**Supplied entries:**

--------------------

lemma field_addition_if_block_type:
  "p \<in> block_type Fc act \<Longrightarrow> field_addition Fc mult z e m p"
  unfolding block_type_def using field_addition_plus_u by blast

lemma fsum_val_neq_zero_if_Fbar_Aut:
  assumes L: "L \<in> Fbar_Aut Fc act" and p: "p \<in> block_type Fc act"
  shows "fsum_val z p L \<noteq> z"
proof
  assume val: "fsum_val z p L = z"
  obtain u where u: "u \<in> quasi_kernel Fc act" "u \<noteq> 0" "p = plus_u Fc act u"
    using p unfolding block_type_def by blast
  have L': "set L \<subseteq> Fc" "inj (fsum_act act L)" using L unfolding Fbar_Aut_def bij_def by auto
  have "fsum_act act L u = fsum_act act L 0"
    using act_fsum_val_plus_u[OF u(1,2) L'(1)] val u(3) by (simp add: act_zero_scalar fsum_act_zero[OF L'(1)])
  then show False using L'(2) u(2) by (simp add: inj_eq)
qed

end

lemma additive_fixes_gen_subgroup:
  assumes add: "\<And>x y. h (x + y) = h x + h y" and fixed: "\<And>s. s \<in> S \<Longrightarrow> h s = s"
    and "v \<in> gen_subgroup S"
  shows "h v = (v :: 'v::group_add)"
  using assms(3)
proof (induction rule: gen_subgroup.induct)
  have "h 0 + h 0 = h 0 + 0" using add[of 0 0] by simp
  then have h0: "h 0 = 0" by (rule add_left_imp_eq)
  {
    case gen_zero
    show ?case by (fact h0)
  next
    case (gen_base s)
    then show ?case by (rule fixed)
  next
    case (gen_add a b)
    then show ?case by (simp add: add)
  next
    case (gen_neg a)
    have "h a + h (- a) = 0" using add[of a "- a", symmetric] h0 by simp
    then show ?case using gen_neg.IH minus_unique by metis
  }
qed

locale comm_near_vector_space = comm_F_group Fc mult z e m act
  for Fc :: "'f set" and mult z e m and act :: "'f \<Rightarrow> 'v::group_add \<Rightarrow> 'v" +
  assumes generated: "gen_subgroup (quasi_kernel Fc act) = UNIV"
begin

lemma fsum_act_inverse:
  assumes A: "set A \<subseteq> Fc" and B: "set B \<subseteq> Fc"
    and inverse: "\<forall>p\<in>block_type Fc act. mult (fsum_val z p A) (fsum_val z p B) = e"
  shows "fsum_act act A (fsum_act act B v) = v"
proof -
  let ?AB = "formal_mult mult A B"
  have AB: "set ?AB \<subseteq> Fc" using formal_mult_closed[of Fc mult, OF mult_closed A B] .
  have "fsum_act act ?AB u = u" if u: "u \<in> quasi_kernel Fc act" for u
  proof (cases "u = 0")
    case True
    then show ?thesis using fsum_act_zero[OF AB] by simp
  next
    case False
    define p where "p = plus_u Fc act u"
    have p: "p \<in> block_type Fc act" using u False unfolding block_type_def p_def by blast
    have "fsum_act act ?AB u = act (fsum_val z p ?AB) u"
      using act_fsum_val_plus_u[OF u False AB] by (simp add: p_def)
    also have "\<dots> = act e u"
      using field_addition.fsum_val_formal_mult[OF field_addition_if_block_type[OF p] A B] inverse p
      by simp
    finally show ?thesis by (simp add: act_one)
  qed
  then have "fsum_act act ?AB v = v"
    using additive_fixes_gen_subgroup[of "fsum_act act ?AB"] fsum_act_add[OF AB] generated by blast
  then show ?thesis by (simp add: fsum_act_formal_mult[OF A B])
qed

--------------------

**What this task involves:**
Your response should consist solely of the lines from the one that holds "then show ?thesis by" through the end of the listing above, reproduced exactly.

**Solution:**
  then show ?thesis by (simp add: fsum_act_formal_mult[OF A B])
qed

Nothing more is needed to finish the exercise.